Nathan Bransford, Author

Monday, January 7, 2013

The Book of Answers

Anyone who has reacted with horror to the recent brutal rape in India that inspired mass protests, or, rather, anyone period, should check out C.Y. Gopinath's brilliant satirical novel The Book of Answers.

I had the great pleasure of working as Gopi's agent as he first conceived of and then wrote this book, and while his incredible prose was why I took him on to be my first client, and the way The Book of Answers came together into a incredible novel is why it ended up being published and nominated for awards, I don't know that I fully appreciated until now the extent to which Gopi is also blessed with incredible prescience as well.

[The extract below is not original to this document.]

(* Let $V$ be a real vector space of dimension $n$, $1\le k\le n-1$. For $B\in\wedge^{k+1}V^*$ and a subspace $L\subseteq V\oplus\wedge^kV^*$ set $e^BL=\{X+\alpha+i_XB\mid X+\alpha\in L\}$. Then: (a) if $L\subseteq\wedge^kV^*$ is weakly lagrangian, then $e^BL$ is weakly lagrangian for every $B\in\wedge^{k+1}V^*$; (b) if $L$ is a standard weakly lagrangian subspace with $\mathrm{pr}_1(L)\neq\{0\}$, then $e^BL$ is weakly lagrangian for every $B\in\wedge^{k+1}V^*$ if and only if $L$ is lagrangian; (c) if $L$ is a non-standard weakly lagrangian subspace, then there exists $B\in\wedge^{k+1}V^*$ such that $e^BL$ is not weakly lagrangian.
   Context: On $V\oplus\wedge^kV^*$ consider the pairing $\langle X+\alpha,Y+\beta\rangle=i_X\beta+i_Y\alpha\in\wedge^{k-1}V^*$; $L^\perp$ is the orthogonal of $L$; $L$ is isotropic if $L\subseteq L^\perp$, lagrangian if $L=L^\perp$, and weakly lagrangian if isotropic and $L\cap V=\mathrm{pr}_2(L)^\circ$, where $\mathrm{pr}_1,\mathrm{pr}_2$ are the projections onto $V$, $\wedge^kV^*$, and for $S\subseteq\wedge^kV^*$, $S^\circ=\{X\in V\mid i_X\eta=0\ \forall\eta\in S\}$. For $E\subseteq V$, $\mathrm{Ann}(E)=\{\alpha\in\wedge^kV^*\mid i_Y\alpha=0\ \forall Y\in E\}$. An isotropic $L$ with $E=\mathrm{pr}_1(L)$ is standard if $\mathrm{Ann}(E)^\circ=E$ (equivalently $\dim E=n$ or $\dim E\le n-k$), and non-standard otherwise. *)

theory Defs
  imports "HOL-Analysis.Analysis"
begin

The Book of Answers about a man, Patros, who comes into possession of one of the most coveted items in the world, a book that contains all the answers to all of mankind's problems. Patros wants nothing to do with it. He ditches it at a junk shop, only to see an Indian politician use the book for his own nefarious gain. Patros has to decide whether he's going to turn a blind eye to the world's problems or regain his youthful idealism, an idealism that hinges on women's rights and standing up to atrocities like the one that has recently galvanized protestors.

This is a novel of right now, I think it's a book that people will return to read in the future, and I can't recommend it highly enough.

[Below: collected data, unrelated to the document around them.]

text \<open>Every transition of \<open>Lam\<close> changes the number \<open>nc\<close> of type-c haplotypes by at most one,
  and the total rate from a configuration into the configurations with a given value of \<open>nc\<close>
  depends on the configuration only through \<open>nc\<close>: recombination removes a c-haplotype at rate
  \<open>\<rho>/2 \<cdot> nc\<close>, and joining an a- with a b-haplotype creates one at rate
  \<open>na \<cdot> nb / \<eta> = (n - nc)\<^sup>2 / \<eta>\<close>. So \<open>Lam\<close> is lumpable onto \<open>Gam\<close> along \<open>nc\<close>; lumpability
  passes to products, powers, exponentials and hence to the piecewise transition matrices,
  and summing the finite-dimensional distributions of the configuration chain over the
  fibres of \<open>nc\<close> gives those of the \<open>Gam\<close>-chain. \<open>Gam\<close> is a birth--death generator, so every
  stationary vector satisfies detailed balance, which is inherited by all powers of \<open>Gam\<close>
  and hence by \<open>e\<^bsup>Gam s\<^esup>\<close>.\<close>

lemma mmult_assoc: "mmult S (mmult S A B) C x y = mmult S A (mmult S B C) x y"
proof -
  have "mmult S (mmult S A B) C x y = (\<Sum>z\<in>S. \<Sum>w\<in>S. A x w * B w z * C z y)"
    unfolding mmult_def by (simp add: sum_distrib_right)
  also have "\<dots> = (\<Sum>w\<in>S. \<Sum>z\<in>S. A x w * B w z * C z y)" by (rule sum.swap)
  also have "\<dots> = mmult S A (mmult S B C) x y"
    unfolding mmult_def by (simp add: sum_distrib_left mult.assoc)
  finally show ?thesis .
qed

lemma mmult_cong:
  "(\<And>z. z \<in> S \<Longrightarrow> A x z = A' x z) \<Longrightarrow> (\<And>z. z \<in> S \<Longrightarrow> B z y = B' z y)
    \<Longrightarrow> mmult S A B x y = mmult S A' B' x y"
  unfolding mmult_def by (intro sum.cong) auto

lemma mmult_mid_left:
  assumes "finite S" "x \<in> S"
  shows "mmult S mid Q x y = Q x y"
proof -
  have "mmult S mid Q x y = (\<Sum>z\<in>S. if x = z then Q z y else 0)"
    unfolding mmult_def mid_def by (intro sum.cong) auto
  then show ?thesis using assms by simp
qed

lemma mmult_mid_right:
  assumes "finite S" "y \<in> S"
  shows "mmult S Q mid x y = Q x y"
proof -
  have "mmult S Q mid x y = (\<Sum>z\<in>S. if z = y then Q x z else 0)"
    unfolding mmult_def mid_def by (intro sum.cong) auto
  then show ?thesis using assms by simp
qed

lemma mpow_Suc_left:
  assumes S: "finite S" and "x \<in> S" "y \<in> S"
  shows "mpow S Q (Suc k) x y = mmult S Q (mpow S Q k) x y"
  using assms(2,3)
proof (induction k arbitrary: x y)
  case 0
  then show ?case by (simp add: mmult_mid_left mmult_mid_right S)
next
  case (Suc k)
  have "mpow S Q (Suc (Suc k)) x y = mmult S (mmult S Q (mpow S Q k)) Q x y"
    using Suc by (auto intro: mmult_cong)
  also have "\<dots> = mmult S Q (mpow S Q (Suc k)) x y" by (simp add: mmult_assoc)
  finally show ?case .
qed

lemma abs_mpow_le:
  assumes S: "finite S" and y: "y \<in> S"
  shows "\<bar>mpow S Q k x y\<bar> \<le> (real (card S) * (\<Sum>z\<in>S. \<Sum>w\<in>S. \<bar>Q z w\<bar>)) ^ k"
  using y
proof (induction k arbitrary: y)
  case 0 then show ?case by (simp add: mid_def)
next
  case (Suc k)
  let ?B = "\<Sum>z\<in>S. \<Sum>w\<in>S. \<bar>Q z w\<bar>"
  have entry: "\<bar>Q z w\<bar> \<le> ?B" if "z \<in> S" "w \<in> S" for z w
  proof -
    have "\<bar>Q z w\<bar> \<le> (\<Sum>w\<in>S. \<bar>Q z w\<bar>)" using S that by (intro member_le_sum) auto
    also have "\<dots> \<le> ?B"
      using S that by (intro member_le_sum[where f = "\<lambda>z. \<Sum>w\<in>S. \<bar>Q z w\<bar>"]) (auto intro: sum_nonneg)
    finally show ?thesis .
  qed
  have "0 \<le> ?B" by (intro sum_nonneg) auto
  have "\<bar>mpow S Q (Suc k) x y\<bar> \<le> (\<Sum>z\<in>S. \<bar>mpow S Q k x z\<bar> * \<bar>Q z y\<bar>)"
    by (simp add: mmult_def abs_mult[symmetric] sum_abs)
  also have "\<dots> \<le> (\<Sum>z\<in>S. (real (card S) * ?B) ^ k * ?B)"
    using Suc entry \<open>0 \<le> ?B\<close> by (intro sum_mono mult_mono) auto
  also have "\<dots> = (real (card S) * ?B) ^ Suc k" by (simp add: mult_ac)
  finally show ?case .
qed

Add it on Goodreads or buy it here.


Anonymous said...

Looks interesting. I guess I'll have to read it to find out why he's prescient :)

Gopi said...

Thank you so much, Nathan, for this completely unexpected accolade. The Book of Answers is set to be launched all over Thailand by the end of January, so it does seem like it has a little life in it yet. I am working on two other books — but by far the most interesting is the third. After a number of American readers wrote to me that The Book of Answers reminded them of contemporary American politics, I am attempting something I doubt any writer would have been foolish enough to try — recasting the entire story in an American context. It is turning out to be a riveting and thrilling exercise. Patros is now Daniel Hoyt, a resident of Astoria, Queens. The story is changing in wonderful and subtle ways — and the book is being reborn as The Book of Hoyt. Maybe this time some US publisher will find it of interest.

And — I had no idea I was your first client!!

Collin Piprell said...

Here's my own review of Gopi''s book from July 2011: Excellent book.

Lesley said...

I agree Nathan, the collective trauma of something like this sends me searching too.
BTW - Thanks for your blog, as an unpublished romance author I return to it regularly...just so much good stuff here.

Melanie Schulz said...

I was just thinking about that the other day- looking back at which novels were the perfect spokesmen for past eras and wondering which novels are the perfect ones for ours.